### Task objective
Please set the lines down again exactly, from the top of the entries through the line that contains "v \<longrightarrow> E".

====== Task inputs ======

(* Let $\lambda=\lambda(d)>0$ be any function of $d$ that is bounded above by a constant. Then there is a function $\varepsilon(d)\to0$ as $d\to\infty$ such that for every $d$ and every triangle-free graph $G$ on $n$ vertices with maximum degree $d$, \[ \frac1n\overline\alpha_G(\lambda)\;\ge\;(1-\varepsilon(d))\,\alpha_{T_d}(\lambda). \]
   Context: For a graph $G$ and $\lambda>0$, $\overline\alpha_G(\lambda)=\lambda P_G'(\lambda)/P_G(\lambda)$ where $P_G(\lambda)=\sum_J\lambda^{|J|}$ over all independent sets $J$ of $G$; it is the expected size of an independent set drawn from the hard-core model $\Pr[J]=\lambda^{|J|}/P_G(\lambda)$. For an integer $d\ge2$ and $\lambda>0$, $\alpha_{T_d}(\lambda)$ denotes the unique solution $\alpha\in(0,1/2)$ of $\lambda=\frac{\alpha}{1-\alpha}\left(\frac{1-\alpha}{1-2\alpha}\right)^d$. *)

theory Defs
  imports "HOL-Analysis.Analysis"
begin

text \<open>Finite simple graphs with vertices drawn from nat (every finite graph is
isomorphic to one of these): vertex set V, symmetric irreflexive edge relation E.\<close>

definition simple_graph :: "nat set \<Rightarrow> (nat \<Rightarrow> nat \<Rightarrow> bool) \<Rightarrow> bool" where
  "simple_graph V E \<longleftrightarrow> finite V \<and> (\<forall>u v. E u v \<longrightarrow> u \<in> V \<and> v \<in> V)
     \<and> (\<forall>u v. E u v \<longrightarrow> E v u) \<and> (\<forall>u. \<not> E u u)"

definition triangle_free :: "nat set \<Rightarrow> (nat \<Rightarrow> nat \<Rightarrow> bool) \<Rightarrow> bool" where
  "triangle_free V E \<longleftrightarrow> \<not> (\<exists>u\<in>V. \<exists>v\<in>V. \<exists>w\<in>V. E u v \<and> E v w \<and> E u w)"

definition vdegree :: "nat set \<Rightarrow> (nat \<Rightarrow> nat \<Rightarrow> bool) \<Rightarrow> nat \<Rightarrow> nat" where
  "vdegree V E u = card {v \<in> V. E u v}"

definition max_degree :: "nat set \<Rightarrow> (nat \<Rightarrow> nat \<Rightarrow> bool) \<Rightarrow> nat \<Rightarrow> bool" where
  "max_degree V E d \<longleftrightarrow> (\<forall>u\<in>V. vdegree V E u \<le> d) \<and> (\<exists>u\<in>V. vdegree V E u = d)"

definition independent_set :: "nat set \<Rightarrow> (nat \<Rightarrow> nat \<Rightarrow> bool) \<Rightarrow> nat set \<Rightarrow> bool" where
  "independent_set V E J \<longleftrightarrow> J \<subseteq> V \<and> (\<forall>u\<in>J. \<forall>v\<in>J. \<not> E u v)"

definition indep_poly :: "nat set \<Rightarrow> (nat \<Rightarrow> nat \<Rightarrow> bool) \<Rightarrow> real \<Rightarrow> real" where
  "indep_poly V E lam = (\<Sum>J \<in> {J. independent_set V E J}. lam ^ card J)"

definition alpha_bar :: "nat set \<Rightarrow> (nat \<Rightarrow> nat \<Rightarrow> bool) \<Rightarrow> real \<Rightarrow> real" where
  "alpha_bar V E lam = lam * deriv (indep_poly V E) lam / indep_poly V E lam"

text \<open>alpha_{T_d}(lambda): the unique alpha in (0,1/2) solving the tree equation.\<close>
definition alpha_T :: "nat \<Rightarrow> real \<Rightarrow> real" where
  "alpha_T d lam = (THE a. 0 < a \<and> a < 1/2 \<and>
      lam = a / (1 - a) * ((1 - a) / (1 - 2 * a)) ^ d)"

end

theory Submission
  imports Defs
begin

text \<open>Fix a vertex \<open>v\<close> and condition a hard-core sample \<open>J\<close> on its part \<open>K\<close> outside the closed
  neighbourhood of \<open>v\<close>. Since the graph is triangle-free, the \<open>Y\<close> neighbours of \<open>v\<close> not blocked
  by \<open>K\<close> span no edge, so the conditional law of \<open>J \<inter> N[v]\<close> is explicit. Averaging over \<open>v\<close> and
  \<open>K\<close> expresses the occupancy fraction \<open>\<alpha>\<close> in two ways: \<open>\<alpha> \<ge> \<lambda>/(1+\<lambda>) E[(1+\<lambda>)^-Y]\<close>, which is
  at least \<open>\<lambda>/(1+\<lambda>) (1+\<lambda>)^-E[Y]\<close> by Jensen, and \<open>d \<alpha>\<close> controls \<open>E[Y]\<close> by counting the
  occupied neighbours of \<open>v\<close>. Eliminating \<open>E[Y]\<close> gives \<open>d\<lambda>/(1+\<lambda>) \<le> g e^g\<close> with
  \<open>g = (1+\<lambda>)\<^sup>2 d \<alpha>\<close>, while \<open>A = d \<alpha>_T(\<lambda>)\<close> satisfies \<open>A e^A \<le> \<lambda> d\<close>. Comparing the two through
  the increasing map \<open>t \<mapsto> t e^t\<close> proves the claim for \<open>\<lambda> \<le> 1/L\<close>, \<open>L = ln (C d)\<close>; larger
  \<open>\<lambda>\<close> are reduced to \<open>1/L\<close> by monotonicity of \<open>\<alpha>\<close> in \<open>\<lambda>\<close>, losing a factor \<open>1 - 3 ln L / L\<close>.\<close>

section \<open>Analytic inequalities\<close>

lemma mult_exp_mono:
  fixes s t :: real
  assumes "0 \<le> s" "s \<le> t"
  shows "s * exp s \<le> t * exp t"
  using assms by (meson exp_ge_zero exp_le_cancel_iff mult_mono order.trans)

lemma mult_exp_le_imp_le:
  fixes s t :: real
  assumes "0 \<le> t" "s * exp s \<le> t * exp t"
  shows "s \<le> t"
proof (rule ccontr)
  assume "\<not> s \<le> t"
  then have "t * exp t \<le> t * exp s" and "t * exp s < s * exp s"
    using assms(1) by (auto intro: mult_left_mono mult_strict_right_mono)
  with assms(2) show False by simp
qed

lemma exp_weighted_mean_le:
  fixes w t :: "'p \<Rightarrow> real"
  assumes "finite P" "\<And>p. p \<in> P \<Longrightarrow> 0 \<le> w p" "0 < sum w P"
  shows "sum w P * exp ((\<Sum>p\<in>P. w p * t p) / sum w P) \<le> (\<Sum>p\<in>P. w p * exp (t p))"
proof -
  define m where "m = (\<Sum>p\<in>P. w p * t p) / sum w P"
  have "sum w P * exp m = exp m * (sum w P + ((\<Sum>p\<in>P. w p * t p) - m * sum w P))"
    using assms(3) by (simp add: m_def)
  also have "\<dots> = (\<Sum>p\<in>P. w p * (exp m * (1 + (t p - m))))"
    by (simp add: sum_distrib_left sum_distrib_right sum.distrib sum_subtractf algebra_simps)
  also have "\<dots> \<le> (\<Sum>p\<in>P. w p * exp (t p))"
  proof (rule sum_mono)
    fix p assume "p \<in> P"
    have "exp m * (1 + (t p - m)) \<le> exp m * exp (t p - m)"
      by (intro mult_left_mono exp_ge_add_one_self) simp
    then show "w p * (exp m * (1 + (t p - m))) \<le> w p * exp (t p)"
      using assms(2)[OF \<open>p \<in> P\<close>] by (simp add: mult_left_mono exp_diff)
  qed
  finally show ?thesis by (simp add: m_def)
qed

lemma xexp_bound_of_occupancy_tradeoff:
  fixes x d \<alpha> \<tau> :: real
  defines "\<rho> \<equiv> x / (1 + x)"
  assumes x: "0 < x" and d: "0 \<le> d"
    and convex: "\<rho> * exp (- ln (1 + x) * \<tau>) \<le> \<alpha>"
    and linear: "\<rho> * \<tau> \<le> d * (1 + \<rho>) * \<alpha>"
  shows "d * \<rho> \<le> (1 + x)\<^sup>2 * d * \<alpha> * exp ((1 + x)\<^sup>2 * d * \<alpha>)"
proof -
  define c where "c = ln (1 + x)"
  define k where "k = c * (1 + \<rho>) / \<rho>"
  have \<rho>: "0 < \<rho>" "\<rho> \<le> x" using x by (auto simp: \<rho>_def field_simps)
  have c: "\<rho> \<le> c" "c \<le> x"
    using ln_add1_ge[of x] ln_add_one_self_le_self[of x] x by (simp_all add: \<rho>_def c_def add.commute)
  have "0 < \<rho> * exp (- c * \<tau>)" using \<rho> by simp
  then have \<alpha>: "0 \<le> \<alpha>" using convex by (simp add: c_def)
  have k: "1 \<le> k" "k \<le> (1 + x)\<^sup>2"
  proof -
    have "c * (1 + x) \<le> x * (1 + x)" using c x by (intro mult_right_mono) auto
    then have h: "1 \<le> c / \<rho>" "c / \<rho> \<le> 1 + x"
      using c \<rho> x by (auto simp: \<rho>_def field_simps)
    have "1 * 1 \<le> c / \<rho> * (1 + \<rho>)" "c / \<rho> * (1 + \<rho>) \<le> (1 + x) * (1 + x)"
      by (rule mult_mono; use h \<rho> in auto)+
    then show "1 \<le> k" "k \<le> (1 + x)\<^sup>2" by (simp_all add: k_def power2_eq_square)
  qed
  have "c * \<tau> = c / \<rho> * (\<rho> * \<tau>)" using \<rho> by simp
  also have "\<dots> \<le> c / \<rho> * (d * (1 + \<rho>) * \<alpha>)"
    using linear c \<rho> by (intro mult_left_mono) auto
  also have "\<dots> = k * (d * \<alpha>)" by (simp add: k_def)
  finally have "\<rho> * exp (- (k * (d * \<alpha>))) \<le> \<rho> * exp (- c * \<tau>)"
    using \<rho> by (intro mult_left_mono) auto
  then have "\<rho> * exp (- (k * (d * \<alpha>))) \<le> \<alpha>" using convex by (simp add: c_def)
  then have "d * \<rho> * exp (- (k * (d * \<alpha>))) * exp (k * (d * \<alpha>)) \<le> d * \<alpha> * exp (k * (d * \<alpha>))"
    using d by (intro mult_right_mono) (auto simp: mult.assoc intro: mult_left_mono)
  then have "d * \<rho> \<le> d * \<alpha> * exp (k * (d * \<alpha>))"
    by (simp add: mult.assoc flip: exp_add)
  then have "k * (d * \<rho>) \<le> k * (d * \<alpha>) * exp (k * (d * \<alpha>))"
    using k by (simp add: mult.assoc mult_left_mono)
  moreover have "d * \<rho> \<le> k * (d * \<rho>)"
    using k d \<rho> mult_right_mono[of 1 k "d * \<rho>"] by simp
  moreover have "k * (d * \<alpha>) \<le> (1 + x)\<^sup>2 * d * \<alpha>"
    using k d \<alpha> by (simp add: mult.assoc mult_right_mono)
  then have "k * (d * \<alpha>) * exp (k * (d * \<alpha>)) \<le> (1 + x)\<^sup>2 * d * \<alpha> * exp ((1 + x)\<^sup>2 * d * \<alpha>)"
    using k d \<alpha> by (intro mult_exp_mono) auto
  ultimately show ?thesis by linarith
qed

======

### Exercise solution
(* Let $\lambda=\lambda(d)>0$ be any function of $d$ that is bounded above by a constant. Then there is a function $\varepsilon(d)\to0$ as $d\to\infty$ such that for every $d$ and every triangle-free graph $G$ on $n$ vertices with maximum degree $d$, \[ \frac1n\overline\alpha_G(\lambda)\;\ge\;(1-\varepsilon(d))\,\alpha_{T_d}(\lambda). \]
   Context: For a graph $G$ and $\lambda>0$, $\overline\alpha_G(\lambda)=\lambda P_G'(\lambda)/P_G(\lambda)$ where $P_G(\lambda)=\sum_J\lambda^{|J|}$ over all independent sets $J$ of $G$; it is the expected size of an independent set drawn from the hard-core model $\Pr[J]=\lambda^{|J|}/P_G(\lambda)$. For an integer $d\ge2$ and $\lambda>0$, $\alpha_{T_d}(\lambda)$ denotes the unique solution $\alpha\in(0,1/2)$ of $\lambda=\frac{\alpha}{1-\alpha}\left(\frac{1-\alpha}{1-2\alpha}\right)^d$. *)

theory Defs
  imports "HOL-Analysis.Analysis"
begin

text \<open>Finite simple graphs with vertices drawn from nat (every finite graph is
isomorphic to one of these): vertex set V, symmetric irreflexive edge relation E.\<close>

definition simple_graph :: "nat set \<Rightarrow> (nat \<Rightarrow> nat \<Rightarrow> bool) \<Rightarrow> bool" where
  "simple_graph V E \<longleftrightarrow> finite V \<and> (\<forall>u v. E u v \<longrightarrow> u \<in> V \<and> v \<in> V)
     \<and> (\<forall>u v. E u v \<longrightarrow> E v u) \<and> (\<forall>u. \<not> E u u)"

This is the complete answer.